Produce the records below again, word for word, but stop after the line that contains "proof (rule Bochner_Integration.integrable_bound)".

=-=-=

section \<open>Lower bounds on the expected distortion\<close>

lemma integrable_ED_hda_integrand:
  assumes Lc: "Lc > 0" and Ls: "Ls > 0" and \<rho>: "\<rho> > 0" and e: "e > 0"
  shows "integrable (lborel \<Otimes>\<^sub>M lborel)
    (\<lambda>(x, y). unit_gamma Lc x * unit_gamma Ls y * hda_loss e (\<rho> * x) (\<rho> * y))"
proof (rule Bochner_Integration.integrable_bound)
  show "integrable (lborel \<Otimes>\<^sub>M lborel) (\<lambda>(x, y). unit_gamma Lc x * unit_gamma Ls y)"
    by (rule lborel_pair.integrable_product[OF integrable_unit_gamma[OF Lc] integrable_unit_gamma[OF Ls]])
  have "\<bar>unit_gamma Lc x * unit_gamma Ls y * hda_loss e (\<rho> * x) (\<rho> * y)\<bar>
      \<le> \<bar>unit_gamma Lc x * unit_gamma Ls y\<bar>" for x y
  proof (cases "x > 0 \<and> y > 0")
    case True
    then have "0 \<le> hda_loss e (\<rho> * x) (\<rho> * y)" "hda_loss e (\<rho> * x) (\<rho> * y) \<le> 1"
      using hda_loss_nonneg hda_loss_le_1 e \<rho> by simp_all
    then show ?thesis
      by (simp add: abs_mult mult_left_le)
  qed (auto simp: unit_gamma_nonpos_eq_0)
  then show "AE z in lborel \<Otimes>\<^sub>M lborel.
      norm ((\<lambda>(x, y). unit_gamma Lc x * unit_gamma Ls y * hda_loss e (\<rho> * x) (\<rho> * y)) z)
      \<le> norm ((\<lambda>(x, y). unit_gamma Lc x * unit_gamma Ls y) z)"
    by auto
qed measurable

lemma ED_hda_eq:
  "ED_hda Lc Ls \<rho> e = (\<integral>z. (\<lambda>(x, y). unit_gamma Lc x * unit_gamma Ls y * hda_loss e (\<rho> * x) (\<rho> * y)) z
     \<partial>(lborel \<Otimes>\<^sub>M lborel))"
  by (simp add: ED_hda_def)

lemma ED_hda_ge_box:
  assumes Lc: "Lc > 0" and Ls: "Ls > 0" and \<rho>: "\<rho> > 0" and e: "e > 0" and a: "a > 0" and b: "b > 0"
  shows "hda_loss e (\<rho> * a) (\<rho> * b) * ((\<integral>x. unit_gamma Lc x * indicator {a/2..a} x \<partial>lborel)
    * (\<integral>y. unit_gamma Ls y * indicator {b/2..b} y \<partial>lborel)) \<le> ED_hda Lc Ls \<rho> e"
proof -
  define F where "F x = unit_gamma Lc x * indicator {a/2..a} x" for x
  define G where "G y = unit_gamma Ls y * indicator {b/2..b} y" for y
  define l where "l = hda_loss e (\<rho> * a) (\<rho> * b)"
  have FG: "integrable lborel F" "integrable lborel G"
    unfolding F_def G_def using integrable_unit_gamma Lc Ls
    by (auto intro!: integrable_real_mult_indicator)
  have "l * (integral\<^sup>L lborel F * integral\<^sup>L lborel G) = (\<integral>z. l * (\<lambda>(x, y). F x * G y) z \<partial>(lborel \<Otimes>\<^sub>M lborel))"
    using lborel_pair.integral_product[OF FG] by simp
  also have "\<dots> \<le> ED_hda Lc Ls \<rho> e"
    unfolding ED_hda_eq
  proof (rule integral_mono)
    show "integrable (lborel \<Otimes>\<^sub>M lborel) (\<lambda>z. l * (\<lambda>(x, y). F x * G y) z)"
      using lborel_pair.integrable_product[OF FG] by simp
    fix z :: "real \<times> real"
    obtain x y where z: "z = (x, y)" by (cases z)
    have "l * F x * G y \<le> unit_gamma Lc x * unit_gamma Ls y * hda_loss e (\<rho> * x) (\<rho> * y)"
    proof (cases "x \<in> {a/2..a} \<and> y \<in> {b/2..b}")
      case True
      then have "l \<le> hda_loss e (\<rho> * x) (\<rho> * y)"
        unfolding l_def using \<rho> a b by (intro hda_loss_antimono[OF e]) auto
      moreover have "0 \<le> unit_gamma Lc x * unit_gamma Ls y"
        using unit_gamma_nonneg Lc Ls by simp
      ultimately show ?thesis
        using True mult_right_mono unfolding F_def G_def by (fastforce simp: mult_ac)
    next
      case False
      then have "F x * G y = 0"
        by (auto simp: F_def G_def)
      moreover have "0 \<le> unit_gamma Lc x * unit_gamma Ls y * hda_loss e (\<rho> * x) (\<rho> * y)"
      proof (cases "x > 0 \<and> y > 0")
        case True
        then show ?thesis
          using unit_gamma_nonneg Lc Ls hda_loss_nonneg[OF e] \<rho> by simp
      qed (auto simp: unit_gamma_nonpos_eq_0)
      ultimately show ?thesis
        by (metis mult.assoc mult_zero_right)
    qed
    then show "l * (\<lambda>(x, y). F x * G y) z
        \<le> (\<lambda>(x, y). unit_gamma Lc x * unit_gamma Ls y * hda_loss e (\<rho> * x) (\<rho> * y)) z"
      by (simp add: z mult.assoc)
  qed (rule integrable_ED_hda_integrand[OF Lc Ls \<rho> e])
  finally show ?thesis
    by (simp add: l_def F_def[abs_def] G_def[abs_def])
qed

lemma ED_hda_lower_bound:
  assumes Lc: "Lc > 0" and Ls: "Ls > 0"
  obtains c where "c > 0"
    and "\<And>\<rho> e a b. 0 < \<rho> \<Longrightarrow> 0 < e \<Longrightarrow> 0 < a \<Longrightarrow> a \<le> 1 \<Longrightarrow> 0 < b \<Longrightarrow> b \<le> 1 \<Longrightarrow>
      c * a powr Lc * b powr Ls * hda_loss e (\<rho> * a) (\<rho> * b) \<le> ED_hda Lc Ls \<rho> e"
proof -
  obtain cc where cc: "cc > 0"
    and mass_c: "\<And>a. 0 < a \<Longrightarrow> a \<le> 1 \<Longrightarrow> cc * a powr Lc \<le> (\<integral>x. unit_gamma Lc x * indicator {a/2..a} x \<partial>lborel)"
    using unit_gamma_interval_mass[OF Lc] by blast
  obtain cs where cs: "cs > 0"
    and mass_s: "\<And>b. 0 < b \<Longrightarrow> b \<le> 1 \<Longrightarrow> cs * b powr Ls \<le> (\<integral>y. unit_gamma Ls y * indicator {b/2..b} y \<partial>lborel)"
    using unit_gamma_interval_mass[OF Ls] by blast
  have "cc * cs * a powr Lc * b powr Ls * hda_loss e (\<rho> * a) (\<rho> * b) \<le> ED_hda Lc Ls \<rho> e"
    if \<rho>: "0 < \<rho>" and e: "0 < e" and a: "0 < a" "a \<le> 1" and b: "0 < b" "b \<le> 1" for \<rho> e a b
  proof -
    have "cc * a powr Lc * (cs * b powr Ls) \<le> (\<integral>x. unit_gamma Lc x * indicator {a/2..a} x \<partial>lborel)
        * (\<integral>y. unit_gamma Ls y * indicator {b/2..b} y \<partial>lborel)"
      using mass_c[OF a] mass_s[OF b] cc cs by (intro mult_mono') auto
    then have "hda_loss e (\<rho> * a) (\<rho> * b) * (cc * a powr Lc * (cs * b powr Ls)) \<le> ED_hda Lc Ls \<rho> e"
      using ED_hda_ge_box[OF Lc Ls \<rho> e a(1) b(1)] hda_loss_nonneg[OF e, of "\<rho> * a" "\<rho> * b"] \<rho> a b
      by (smt (verit) mult_left_mono mult_nonneg_nonneg)
    then show ?thesis
      by (simp add: mult_ac)
  qed
  with cc cs show thesis
    using that[of "cc * cs"] by simp
qed

lemma ED_hda_decays_at_most_witness:
  assumes Lc: "Lc > 0" and Ls: "Ls > 0" and \<alpha>: "\<alpha> \<ge> 0" and \<beta>: "\<beta> \<ge> 0"
    and B: "0 < B" "B \<le> 1" and c0: "c0 > 0"
    and loss: "eventually (\<lambda>\<rho>. c0 * \<rho> powr (- d)
      \<le> hda_loss (\<rho> powr r) (\<rho> powr (1 - \<alpha>)) (B * \<rho> powr (1 - \<beta>))) at_top"
    and D: "Lc * \<alpha> + Ls * \<beta> + d \<le> D"
  shows "decays_at_most (\<lambda>\<rho>. ED_hda Lc Ls \<rho> (\<rho> powr r)) D"
proof (rule decays_at_most_mono[OF _ D])
  obtain c where c: "c > 0" and ED_ge: "\<And>\<rho> e a b. 0 < \<rho> \<Longrightarrow> 0 < e \<Longrightarrow> 0 < a \<Longrightarrow> a \<le> 1 \<Longrightarrow>
      0 < b \<Longrightarrow> b \<le> 1 \<Longrightarrow> c * a powr Lc * b powr Ls * hda_loss e (\<rho> * a) (\<rho> * b) \<le> ED_hda Lc Ls \<rho> e"
    using ED_hda_lower_bound[OF Lc Ls] by blast
  have "eventually (\<lambda>\<rho>. c * B powr Ls * c0 * \<rho> powr (- (Lc * \<alpha> + Ls * \<beta> + d))
      \<le> ED_hda Lc Ls \<rho> (\<rho> powr r)) at_top"
    using loss eventually_ge_at_top[of 1]
  proof eventually_elim
    case (elim \<rho>)
    define a where "a = \<rho> powr (- \<alpha>)"
    define b where "b = B * \<rho> powr (- \<beta>)"
    have ab: "0 < a" "a \<le> 1" "0 < b" "b \<le> 1"
      using elim \<alpha> \<beta> B by (auto simp: a_def b_def powr_le_one_of_nonpos intro: mult_le_one)
    have corner: "\<rho> * a = \<rho> powr (1 - \<alpha>)" "\<rho> * b = B * \<rho> powr (1 - \<beta>)"
      using elim by (simp_all add: a_def b_def powr_diff powr_minus field_simps)
    have "c * B powr Ls * c0 * \<rho> powr (- (Lc * \<alpha> + Ls * \<beta> + d))
        = c * a powr Lc * b powr Ls * (c0 * \<rho> powr (- d))"
      using elim B by (simp add: a_def b_def powr_mult powr_powr powr_add [symmetric] mult_ac)
    also have "\<dots> \<le> c * a powr Lc * b powr Ls * hda_loss (\<rho> powr r) (\<rho> * a) (\<rho> * b)"
      using elim c ab corner by (intro mult_left_mono) auto
    also have "\<dots> \<le> ED_hda Lc Ls \<rho> (\<rho> powr r)"
      using elim ab by (intro ED_ge) auto
    finally show ?case .
  qed
  with c c0 B show "decays_at_most (\<lambda>\<rho>. ED_hda Lc Ls \<rho> (\<rho> powr r)) (Lc * \<alpha> + Ls * \<beta> + d)"
    unfolding decays_at_most_def by (intro exI[of _ "c * B powr Ls * c0"]) auto
qed

text \<open>The \<open>max\<close> is the largest exponent among the terms of \<open>1 + g + e (1 + h)\<close> at
  \<open>h = \<rho> powr (1 - \<alpha>)\<close>, \<open>g = \<rho> powr (1 - \<beta>)\<close>, \<open>e = \<rho> powr r\<close>.\<close>

lemma ED_hda_decays_at_most:
  assumes Lc: "Lc > 0" and Ls: "Ls > 0" and \<alpha>: "\<alpha> \<ge> 0" and \<beta>: "\<beta> \<ge> 0"
    and D: "Lc * \<alpha> + Ls * \<beta> + max (max 0 (1 - \<beta>)) (max r (r + 1 - \<alpha>)) \<le> D"
  shows "decays_at_most (\<lambda>\<rho>. ED_hda Lc Ls \<rho> (\<rho> powr r)) D"
proof (rule ED_hda_decays_at_most_witness[OF Lc Ls \<alpha> \<beta> _ _ _ _ D, of 1 "1 / 4"])
  define m where "m = max (max 0 (1 - \<beta>)) (max r (r + 1 - \<alpha>))"
  show "eventually (\<lambda>\<rho>. 1 / 4 * \<rho> powr (- m)
      \<le> hda_loss (\<rho> powr r) (\<rho> powr (1 - \<alpha>)) (1 * \<rho> powr (1 - \<beta>))) at_top"
    using eventually_ge_at_top[of 1]
  proof eventually_elim
    case (elim \<rho>)
    have "1 \<le> \<rho> powr m"
      using elim by (intro ge_one_powr_ge_zero) (auto simp: m_def)
    moreover have "\<rho> powr (1 - \<beta>) \<le> \<rho> powr m"
      using elim by (intro powr_mono) (simp_all add: m_def)
    moreover have "\<rho> powr r \<le> \<rho> powr m"
      using elim by (intro powr_mono) (simp_all add: m_def)
    moreover have "\<rho> powr (r + (1 - \<alpha>)) \<le> \<rho> powr m"
      using elim by (intro powr_mono) (simp_all add: m_def)
    ultimately have "1 + \<rho> powr (1 - \<beta>) + \<rho> powr r * (1 + \<rho> powr (1 - \<alpha>)) \<le> 4 * \<rho> powr m"
      using elim by (simp add: powr_add distrib_left)
    moreover have "0 < 1 + \<rho> powr (1 - \<beta>) + \<rho> powr r * (1 + \<rho> powr (1 - \<alpha>))"
      by (simp add: add_pos_nonneg)
    ultimately have "1 / (4 * \<rho> powr m) \<le> 1 / (1 + \<rho> powr (1 - \<beta>) + \<rho> powr r * (1 + \<rho> powr (1 - \<alpha>)))"
      by (intro frac_le) auto
    also have "\<dots> \<le> hda_loss (\<rho> powr r) (\<rho> powr (1 - \<alpha>)) (\<rho> powr (1 - \<beta>))"
      using elim by (intro hda_loss_ge) auto
    finally show ?case
      by (simp add: powr_minus_divide)
  qed
qed auto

=-=-=

▶ _Solution_:
section \<open>Lower bounds on the expected distortion\<close>

lemma integrable_ED_hda_integrand:
  assumes Lc: "Lc > 0" and Ls: "Ls > 0" and \<rho>: "\<rho> > 0" and e: "e > 0"
  shows "integrable (lborel \<Otimes>\<^sub>M lborel)
    (\<lambda>(x, y). unit_gamma Lc x * unit_gamma Ls y * hda_loss e (\<rho> * x) (\<rho> * y))"
proof (rule Bochner_Integration.integrable_bound)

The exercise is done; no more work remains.